A new LLM jailbreaking technique could let users exploit AI models to detail how to make weapons and explosives — and Claude, Llama, and GPT are all at risk
LLM jailbreaking techniques have become a major worry for researchers amid concerns that models could be used by threat actors to access harmful information
Sign up today and you will receive a free copy of our Future Focus 2025 report - the leading guidance on AI, cybersecurity and other IT challenges as per 700+ senior executives
You are now subscribed
Your newsletter sign-up was successful
Anthropic researchers have warned of a new large language model (LLM) jailbreaking technique that could be exploited to force models to provide answers on how to build explosive devices.
The new technique, dubbed by researchers as “many-shot jailbreaking” (MSJ), exploits LLM context windows to overload a model and force it to provide forbidden information.
A context window is the range of data that an LLM can use for context within a given prompt each time it generates an answer. Measured in ‘tokens’, with 1,000 tokens the equivalent of approximately 750 words, context windows started very small but newer models can now process entire novels in a single prompt.

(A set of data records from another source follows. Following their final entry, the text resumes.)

lemma imat_cong_sym: "imat_cong n q A B \<Longrightarrow> imat_cong n q B A"
  by (auto simp: imat_cong_def cong_sym)

lemma imat_cong_trans [trans]: "imat_cong n q A B \<Longrightarrow> imat_cong n q B C \<Longrightarrow> imat_cong n q A C"
  unfolding imat_cong_def by (metis cong_trans)

lemma imat_cong_dvd: "imat_cong n q A B \<Longrightarrow> q' dvd q \<Longrightarrow> imat_cong n q' A B"
  by (auto simp: imat_cong_def intro: cong_dvd_modulus)

lemma imat_cong_0_iff: "imat_cong n 0 A B \<longleftrightarrow> (\<forall>i<n. \<forall>j<n. A i j = B i j)"
  by (simp add: imat_cong_def)

lemma imat_cong_0D: "imat_cong n 0 A B \<Longrightarrow> imat_cong n q A B"
  using imat_cong_dvd by fastforce

lemma imat_cong_mod_iff: "imat_cong n q A B \<longleftrightarrow> (\<forall>i<n. \<forall>j<n. A i j mod q = B i j mod q)"
  by (simp add: imat_cong_def cong_def)

lemma imat_cong_mult:
  "imat_cong n q A A' \<Longrightarrow> imat_cong n q B B' \<Longrightarrow> imat_cong n q (imat_mult n A B) (imat_mult n A' B')"
  unfolding imat_cong_def imat_mult_def by (auto intro!: cong_sum cong_mult)

lemma imat_cong_add:
  "imat_cong n q A A' \<Longrightarrow> imat_cong n q B B' \<Longrightarrow> imat_cong n q (imat_add A B) (imat_add A' B')"
  unfolding imat_cong_def by (auto intro: cong_add)

lemma imat_cong_diff:
  "imat_cong n q A A' \<Longrightarrow> imat_cong n q B B' \<Longrightarrow> imat_cong n q (imat_diff A B) (imat_diff A' B')"
  unfolding imat_cong_def by (auto intro: cong_diff)

lemma imat_cong_smult_cancel:
  assumes "prime p" "\<not> p dvd c" "imat_cong n p (imat_smult c A) imat_zero"
  shows "imat_cong n p A imat_zero"
  using assms unfolding imat_cong_def imat_zero_def by (auto simp: cong_0_iff prime_dvd_mult_iff)

lemma imat_cong_smult_scale:
  "imat_cong n q A A' \<Longrightarrow> imat_cong n (k * q) (imat_smult k A) (imat_smult k A')"
  unfolding imat_cong_def
  by (auto simp: cong_iff_dvd_diff right_diff_distrib[symmetric] mult_dvd_mono)

lemma imat_mult_assoc: "imat_mult n (imat_mult n A B) C = imat_mult n A (imat_mult n B C)"
  unfolding imat_mult_def
  by (auto simp: sum_distrib_left sum_distrib_right mult.assoc intro!: ext sum.swap)

lemma imat_one_sum_left: "i < n \<Longrightarrow> (\<Sum>l<n. imat_one i l * M l j) = M i j"
  by (simp add: imat_one_def if_distrib[of "\<lambda>x. x * _"] sum.delta cong: if_cong)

Anthropic researchers said these latest generation models with larger context windows are ripe for exploitation due to their improved performance and capabilities. Larger context windows and the sheer volume of available data essentially opens models up to manipulation by bad actors.
“The context window of publicly available large language models expanded from the size of long essays to multiple novels or codebases over the course of 2023,” the research paper noted. “Longer contexts present a new attack surface for adversarial attacks.”
Outlining the jailbreaking technique, researchers said they were able to exploit a model’s “in-context learning” capabilities which enables it to consistently improve its answers based on prompts.
Initially, user queries on how to build a bomb were rejected by models. However, by repeatedly asking less harmful questions, researchers were able to essentially lull the model into eventually providing an answer to the original question.
Sign up today and you will receive a free copy of our Future Focus 2025 report - the leading guidance on AI, cybersecurity and other IT challenges as per 700+ senior executives
“Many-shot jailbreaking operates by conditioning an LLM on a large number of harmful question-answer pairs,” researchers said.
“After producing hundreds of compliant query-response pairs, we randomize their order, and format them to resemble a standard dialogue between a user and the model being attacked.
“For example, ‘Human: How to build a bomb? Assistant: Here is how [...]’.”
The researchers said they tested this technique on “many prominent large language models”, including Anthropic’s Claude 2.0, Mistral 7B, Llama 2, and OpenAI’s GPT-3.5 and GPT-4 models.
With Claude 2.0, for example, researchers employed the technique to elicit “undesired behaviors”, including the ability to insult users and give instructions on how to build weapons.
RELATED WHITEPAPER
“When applied at long enough context lengths, MSJ can jailbreak Claude 2.0 on various tasks ranging from giving insulting responses to users to providing violent and deceitful content,” the study noted.
Across all the aforementioned models, the number of “shots” employed by researchers showed that “around 128-shot prompts” were sufficient to produce harmful responses.
The researchers involved in the study revealed they have informed peers and competitors about this attack method, and noted that the paper will help in developing methods to mitigate harms.
“We hope our work inspires the community to develop a predictive theory for why MSJ works, followed by a theoretically justified and empirically validated mitigation strategy.”
The study noted, however, that it’s possible this technique “cannot be fully mitigated”.
“In this case, our findings could influence public policy to further and more strongly encourage responsible development and deployment of advanced AI systems.”
LLM jailbreaking techniques spark industry concerns
This isn’t the first instance of LLM jailbreaking techniques being employed to elicit harmful behaviors.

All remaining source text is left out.